INPUT FOR THIS TASK START
(* Assume $q\neq0$. For all integers $n,r,s$, $$h_{n+s}h_{n-r}-h_nh_{n-r+s}=Eq^{n-r}\left(v_{r+s}-q^sv_{r-s}\right).$$
   Context: Let $p,q,a,b$ be complex numbers with $q\neq 0$, and let $E=b^2-abp+a^2q$. The sequence $(v_n)$ is defined by $v_0=2$, $v_1=p$, $v_n=pv_{n-1}-qv_{n-2}$. The Horadam-Lucas sequence $(h_n)$ is defined by $h_0=2b-ap$, $h_1=bp-2aq$, $h_n=ph_{n-1}-qh_{n-2}$. Both are extended to all integer indices by $x_{n-2}=(px_{n-1}-x_n)/q$. *)

theory Defs
  imports Complex_Main
begin

fun rec_fwd :: "complex \<Rightarrow> complex \<Rightarrow> complex \<Rightarrow> complex \<Rightarrow> nat \<Rightarrow> complex" where
  "rec_fwd p q x0 x1 0 = x0"
| "rec_fwd p q x0 x1 (Suc 0) = x1"
| "rec_fwd p q x0 x1 (Suc (Suc n)) = p * rec_fwd p q x0 x1 (Suc n) - q * rec_fwd p q x0 x1 n"

text \<open>Backward part: rec_bwd k = x_{-k}, via x_{n-2} = (p x_{n-1} - x_n)/q.\<close>
fun rec_bwd :: "complex \<Rightarrow> complex \<Rightarrow> complex \<Rightarrow> complex \<Rightarrow> nat \<Rightarrow> complex" where
  "rec_bwd p q x0 x1 0 = x0"
| "rec_bwd p q x0 x1 (Suc 0) = (p * x0 - x1) / q"
| "rec_bwd p q x0 x1 (Suc (Suc k)) = (p * rec_bwd p q x0 x1 (Suc k) - rec_bwd p q x0 x1 k) / q"

definition rec_seq :: "complex \<Rightarrow> complex \<Rightarrow> complex \<Rightarrow> complex \<Rightarrow> int \<Rightarrow> complex" where
  "rec_seq p q x0 x1 n = (if n \<ge> 0 then rec_fwd p q x0 x1 (nat n) else rec_bwd p q x0 x1 (nat (- n)))"

definition lucasV :: "complex \<Rightarrow> complex \<Rightarrow> int \<Rightarrow> complex" where
  "lucasV p q = rec_seq p q 2 p"

definition horadamLucas :: "complex \<Rightarrow> complex \<Rightarrow> complex \<Rightarrow> complex \<Rightarrow> int \<Rightarrow> complex" where
  "horadamLucas p q a b = rec_seq p q (2 * b - a * p) (b * p - 2 * a * q)"

end

(* All sequences involved solve x (n + 2) = p x (n + 1) - q x n on the integers, and since q is
   nonzero a solution is determined by any two consecutive values; so an identity between
   solutions in one index only has to be checked at two points.  The Casoratian
   f (m + 1) g m - f m g (m + 1) of two solutions gets multiplied by q at each step, which gives,
   for every solution f, the Vajda-type identity
     f (n + s) f (n - r) - f n f (n - r + s) = q^(n - r) (f (r + s) f 0 - f r f s).
   For f = h the bracket on the right equals E (v (r + s) - q^s v (r - s)): both sides solve the
   recurrence in s (the second term because s |-> q^s v (r - s) does), and they agree at s = 0
   and, by the same argument in r, at s = 1. *)

theory Submission
  imports Defs
begin

definition lin_rec :: "'a::comm_ring_1 \<Rightarrow> 'a \<Rightarrow> (int \<Rightarrow> 'a) \<Rightarrow> bool" where
  "lin_rec p q f \<longleftrightarrow> (\<forall>n. f (n + 2) = p * f (n + 1) - q * f n)"

lemma lin_recD: "lin_rec p q f \<Longrightarrow> f (n + 2) = p * f (n + 1) - q * f n"
  unfolding lin_rec_def by blast

lemma lin_rec_shift: "lin_rec p q f \<Longrightarrow> lin_rec p q (\<lambda>n. f (n + c))"
  unfolding lin_rec_def by (metis add.commute add.left_commute)

lemma lin_rec_lincomb:
  assumes "lin_rec p q f" "lin_rec p q g"
  shows "lin_rec p q (\<lambda>n. x * f n - y * g n)"
  unfolding lin_rec_def
proof
  fix n
  show "x * f (n + 2) - y * g (n + 2)
      = p * (x * f (n + 1) - y * g (n + 1)) - q * (x * f n - y * g n)"
    unfolding lin_recD[OF assms(1)] lin_recD[OF assms(2)] by (simp add: algebra_simps)
qed

lemma lin_rec_reflect:
  fixes q :: "'a::field"
  assumes "q \<noteq> 0" "lin_rec p q f"
  shows "lin_rec p q (\<lambda>n. q powi n * f (c - n))"
  unfolding lin_rec_def
proof
  fix n
  have rec: "f (c - n) = p * f (c - (n + 1)) - q * f (c - (n + 2))"
    using lin_recD[OF assms(2), of "c - n - 2"] by (simp add: algebra_simps)
  have powi: "q powi (n + 2) = q powi n * q\<^sup>2" "q powi (n + 1) = q powi n * q"
    using assms(1) by (simp_all add: power_int_add)
  show "q powi (n + 2) * f (c - (n + 2))
      = p * (q powi (n + 1) * f (c - (n + 1))) - q * (q powi n * f (c - n))"
    unfolding rec powi by (simp add: algebra_simps power2_eq_square)
qed

lemma lin_rec_eq_0:
  fixes q :: "'a::idom"
  assumes "q \<noteq> 0" "lin_rec p q f" "f 0 = 0" "f 1 = 0"
  shows "f n = 0"
proof -
  have "f n = 0 \<and> f (n + 1) = 0"
  proof (induction n rule: int_induct[where k = 0])
    case base
    show ?case using assms(3,4) by simp
  next
    case (step1 i)
    then show ?case using lin_recD[OF assms(2), of i] by (simp add: add.assoc)
  next
    case (step2 i)
    have "f (i + 1) = p * f i - q * f (i - 1)"
      using lin_recD[OF assms(2), of "i - 1"] by (simp add: add.commute)
    moreover have "f i = 0" "f (i + 1) = 0" using step2 by simp_all
    ultimately have "q * f (i - 1) = 0" by simp
    with \<open>f i = 0\<close> assms(1) show ?case by simp
  qed
  then show ?thesis ..
qed

lemma lin_rec_unique:
  fixes q :: "'a::idom"
  assumes "q \<noteq> 0" "lin_rec p q f" "lin_rec p q g" "f k = g k" "f (k + 1) = g (k + 1)"
  shows "f = g"
proof
  fix n
  have "lin_rec p q (\<lambda>m. 1 * f (m + k) - 1 * g (m + k))"
    using assms(2,3) by (intro lin_rec_lincomb lin_rec_shift)
  then have "1 * f (n - k + k) - 1 * g (n - k + k) = 0"
    by (rule lin_rec_eq_0[OF assms(1)]) (use assms(4,5) in \<open>simp_all add: add.commute\<close>)
  then show "f n = g n" by simp
qed

lemma powi_of_first_order_rec:
  fixes q :: "'a::field"
  assumes "q \<noteq> 0" "\<And>m. g (m + 1) = q * g m"
  shows "g n = q powi n * g 0"
proof (induction n rule: int_induct[where k = 0])
  case (step1 i)
  then show ?case using assms by (simp add: power_int_add_1')
next
  case (step2 i)
  have "g i = q * g (i - 1)" using assms(2)[of "i - 1"] by simp
  with step2 assms(1) show ?case by (simp add: power_int_diff field_simps)
qed simp

lemma lin_rec_casoratian:
  fixes q :: "'a::field"
  assumes "q \<noteq> 0" "lin_rec p q f" "lin_rec p q g"
  shows "f (m + 1) * g m - f m * g (m + 1) = q powi m * (f 1 * g 0 - f 0 * g 1)"
proof -
  have "f (m + 2) * g (m + 1) - f (m + 1) * g (m + 2)
      = q * (f (m + 1) * g m - f m * g (m + 1))" for m
    unfolding lin_recD[OF assms(2)] lin_recD[OF assms(3)] by (simp add: algebra_simps)
  then show ?thesis
    using powi_of_first_order_rec[OF assms(1), of "\<lambda>m. f (m + 1) * g m - f m * g (m + 1)"]
    by (simp add: add.assoc)
qed

lemma lin_rec_vajda_1:
  fixes q :: "'a::field"
  assumes "q \<noteq> 0" "lin_rec p q f"
  shows "f (k + 1) * f m - f k * f (m + 1)
    = q powi m * (f (k - m + 1) * f 0 - f (k - m) * f 1)"
proof -
  \<comment> \<open>Both sides are written as combinations of shifts of f, so that \<open>lin_rec\<close> is
    discharged by the closure rules.\<close>
  have "(\<lambda>k. f m * f (k + 1) - f (m + 1) * f k)
      = (\<lambda>k. q powi m * f 0 * f (k + (1 - m)) - q powi m * f 1 * f (k + - m))"
  proof (rule lin_rec_unique[OF assms(1), where p = p and k = m])
    have "f (m + 2) * f m - f (m + 1) * f (m + 1) = q powi m * (f 2 * f 0 - f 1 * f 1)"
      using lin_rec_casoratian[OF assms(1) lin_rec_shift[OF assms(2), of 1] assms(2), of m]
      by (simp add: add.assoc)
    then show "f m * f (m + 1 + 1) - f (m + 1) * f (m + 1)
        = q powi m * f 0 * f (m + 1 + (1 - m)) - q powi m * f 1 * f (m + 1 + - m)"
      by (simp add: algebra_simps)
  qed (intro lin_rec_lincomb lin_rec_shift assms(2) | simp)+
  from fun_cong[OF this, of k] show ?thesis by (simp add: algebra_simps)
qed

lemma lin_rec_vajda:
  fixes q :: "'a::field"
  assumes "q \<noteq> 0" "lin_rec p q f"
  shows "f (n + s) * f (n - r) - f n * f (n - r + s)
    = q powi (n - r) * (f (r + s) * f 0 - f r * f s)"
proof -
  have "(\<lambda>s. f (n - r) * f (s + n) - f n * f (s + (n - r)))
      = (\<lambda>s. q powi (n - r) * f 0 * f (s + r) - q powi (n - r) * f r * f s)"
  proof (rule lin_rec_unique[OF assms(1), where p = p and k = 0])
    show "f (n - r) * f (0 + 1 + n) - f n * f (0 + 1 + (n - r))
        = q powi (n - r) * f 0 * f (0 + 1 + r) - q powi (n - r) * f r * f (0 + 1)"
      using lin_rec_vajda_1[OF assms, of n "n - r"] by (simp add: algebra_simps)
  qed (intro lin_rec_lincomb lin_rec_shift assms(2) | simp)+
  from fun_cong[OF this, of s] show ?thesis by (simp add: algebra_simps)
qed

lemma rec_seq_of_nat [simp]: "rec_seq p q x0 x1 (int k) = rec_fwd p q x0 x1 k"
  by (simp add: rec_seq_def)

lemma rec_seq_minus_of_nat [simp]: "rec_seq p q x0 x1 (- int k) = rec_bwd p q x0 x1 k"
  unfolding rec_seq_def by (cases "k = 0") auto

lemma lin_rec_rec_seq:
  assumes "q \<noteq> 0"
  shows "lin_rec p q (rec_seq p q x0 x1)"
  unfolding lin_rec_def
proof
  fix n :: int
  consider k where "n = int k" | "n = - 1" | k where "n = - int k - 2"
  proof (cases "n \<ge> 0")
    case False
    then have "n = - 1 \<or> n = - int (nat (- n - 2)) - 2" by auto
    with that(2,3) show thesis by blast
  qed (metis nonneg_eq_int)
  then show "rec_seq p q x0 x1 (n + 2)
      = p * rec_seq p q x0 x1 (n + 1) - q * rec_seq p q x0 x1 n"
  proof cases
    case (1 k)
    then show ?thesis
      using rec_seq_of_nat[of p q x0 x1 "Suc (Suc k)"] rec_seq_of_nat[of p q x0 x1 "Suc k"]
      by (simp add: add.commute)
  next
    case 2
    then show ?thesis using assms by (simp add: rec_seq_def field_simps)
  next
    case (3 k)
    have "n + 2 = - int k" "n + 1 = - int (Suc k)" "n = - int (Suc (Suc k))"
      using 3 by simp_all
    then have "rec_seq p q x0 x1 (n + 2) = rec_bwd p q x0 x1 k"
      "rec_seq p q x0 x1 (n + 1) = rec_bwd p q x0 x1 (Suc k)"
      "rec_seq p q x0 x1 n = rec_bwd p q x0 x1 (Suc (Suc k))"
      by (metis rec_seq_minus_of_nat)+
    then show ?thesis using assms by (simp add: field_simps)
  qed
qed

lemma lin_rec_lucasV: "q \<noteq> 0 \<Longrightarrow> lin_rec p q (lucasV p q)"
  unfolding lucasV_def by (rule lin_rec_rec_seq)

lemma lin_rec_horadamLucas: "q \<noteq> 0 \<Longrightarrow> lin_rec p q (horadamLucas p q a b)"
  unfolding horadamLucas_def by (rule lin_rec_rec_seq)

lemma lucasV_initial: "lucasV p q 0 = 2" "lucasV p q 1 = p" "lucasV p q (- 1) = p / q"
  by (simp_all add: lucasV_def rec_seq_def)

lemma horadamLucas_initial:
  "horadamLucas p q a b 0 = 2 * b - a * p" "horadamLucas p q a b 1 = b * p - 2 * a * q"
  by (simp_all add: horadamLucas_def rec_seq_def)

lemma horadamLucas_vajda_base_1:
  assumes "q \<noteq> 0"
  shows "horadamLucas p q a b (j + 1) * horadamLucas p q a b 0
      - horadamLucas p q a b j * horadamLucas p q a b 1
    = (b\<^sup>2 - a * b * p + a\<^sup>2 * q) * (lucasV p q (j + 1) - q * lucasV p q (j - 1))"
proof -
  let ?h = "horadamLucas p q a b" and ?v = "lucasV p q" and ?E = "b\<^sup>2 - a * b * p + a\<^sup>2 * q"
  have h: "lin_rec p q ?h" and v: "lin_rec p q ?v"
    using assms by (rule lin_rec_horadamLucas, rule lin_rec_lucasV)
  have "(\<lambda>j. ?h 0 * ?h (j + 1) - ?h 1 * ?h j)
      = (\<lambda>j. ?E * ?v (j + 1) - ?E * q * ?v (j + - 1))"
  proof (rule lin_rec_unique[OF assms, where p = p and k = 0])
    show "?h 0 * ?h (0 + 1 + 1) - ?h 1 * ?h (0 + 1)
        = ?E * ?v (0 + 1 + 1) - ?E * q * ?v (0 + 1 + - 1)"
    proof -
      have h2: "?h 2 = p * ?h 1 - q * ?h 0" and v2: "?v 2 = p * ?v 1 - q * ?v 0"
        using lin_recD[OF h, of 0] lin_recD[OF v, of 0] by simp_all
      show ?thesis
        by (simp add: h2 v2 lucasV_initial horadamLucas_initial algebra_simps power2_eq_square)
    qed
  qed (intro lin_rec_lincomb lin_rec_shift h v
      | simp add: lucasV_initial horadamLucas_initial assms)+
  from fun_cong[OF this, of j] show ?thesis by (simp add: algebra_simps)
qed

lemma horadamLucas_vajda_base:
  assumes "q \<noteq> 0"
  shows "horadamLucas p q a b (r + s) * horadamLucas p q a b 0
      - horadamLucas p q a b r * horadamLucas p q a b s
    = (b\<^sup>2 - a * b * p + a\<^sup>2 * q) * (lucasV p q (r + s) - q powi s * lucasV p q (r - s))"
proof -
  let ?h = "horadamLucas p q a b" and ?v = "lucasV p q" and ?E = "b\<^sup>2 - a * b * p + a\<^sup>2 * q"
  have h: "lin_rec p q ?h" and v: "lin_rec p q ?v"
    using assms by (rule lin_rec_horadamLucas, rule lin_rec_lucasV)
  have "(\<lambda>s. ?h 0 * ?h (s + r) - ?h r * ?h s)
      = (\<lambda>s. ?E * ?v (s + r) - ?E * (q powi s * ?v (r - s)))"
  proof (rule lin_rec_unique[OF assms, where p = p and k = 0])
    show "?h 0 * ?h (0 + 1 + r) - ?h r * ?h (0 + 1)
        = ?E * ?v (0 + 1 + r) - ?E * (q powi (0 + 1) * ?v (r - (0 + 1)))"
      using horadamLucas_vajda_base_1[OF assms, of p a b r] by (simp add: algebra_simps)
  qed (intro lin_rec_lincomb lin_rec_shift lin_rec_reflect[OF assms] h v | simp)+
  from fun_cong[OF this, of s] show ?thesis by (simp add: algebra_simps)
qed

theorem mainTheorem9:
  fixes p q a b :: complex and n r s :: int
  assumes "q \<noteq> 0"
  shows "horadamLucas p q a b (n + s) * horadamLucas p q a b (n - r)
           - horadamLucas p q a b n * horadamLucas p q a b (n - r + s)
         = (b^2 - a*b*p + a^2*q) * q powi (n - r) * (lucasV p q (r + s) - q powi s * lucasV p q (r - s))"
  using lin_rec_vajda[OF assms lin_rec_horadamLucas[OF assms], where n = n and r = r and s = s]
    horadamLucas_vajda_base[OF assms, of p a b r s]
  by (simp add: mult_ac)

end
INPUT FOR THIS TASK END
◆ **WHAT IS EXPECTED**: In the entries above, find each line with the word "commute" and return it.

◆ **EXPECTED ANSWER**:
  unfolding lin_rec_def by (metis add.commute add.left_commute)
      using lin_recD[OF assms(2), of "i - 1"] by (simp add: add.commute)
    by (rule lin_rec_eq_0[OF assms(1)]) (use assms(4,5) in \<open>simp_all add: add.commute\<close>)
      by (simp add: add.commute)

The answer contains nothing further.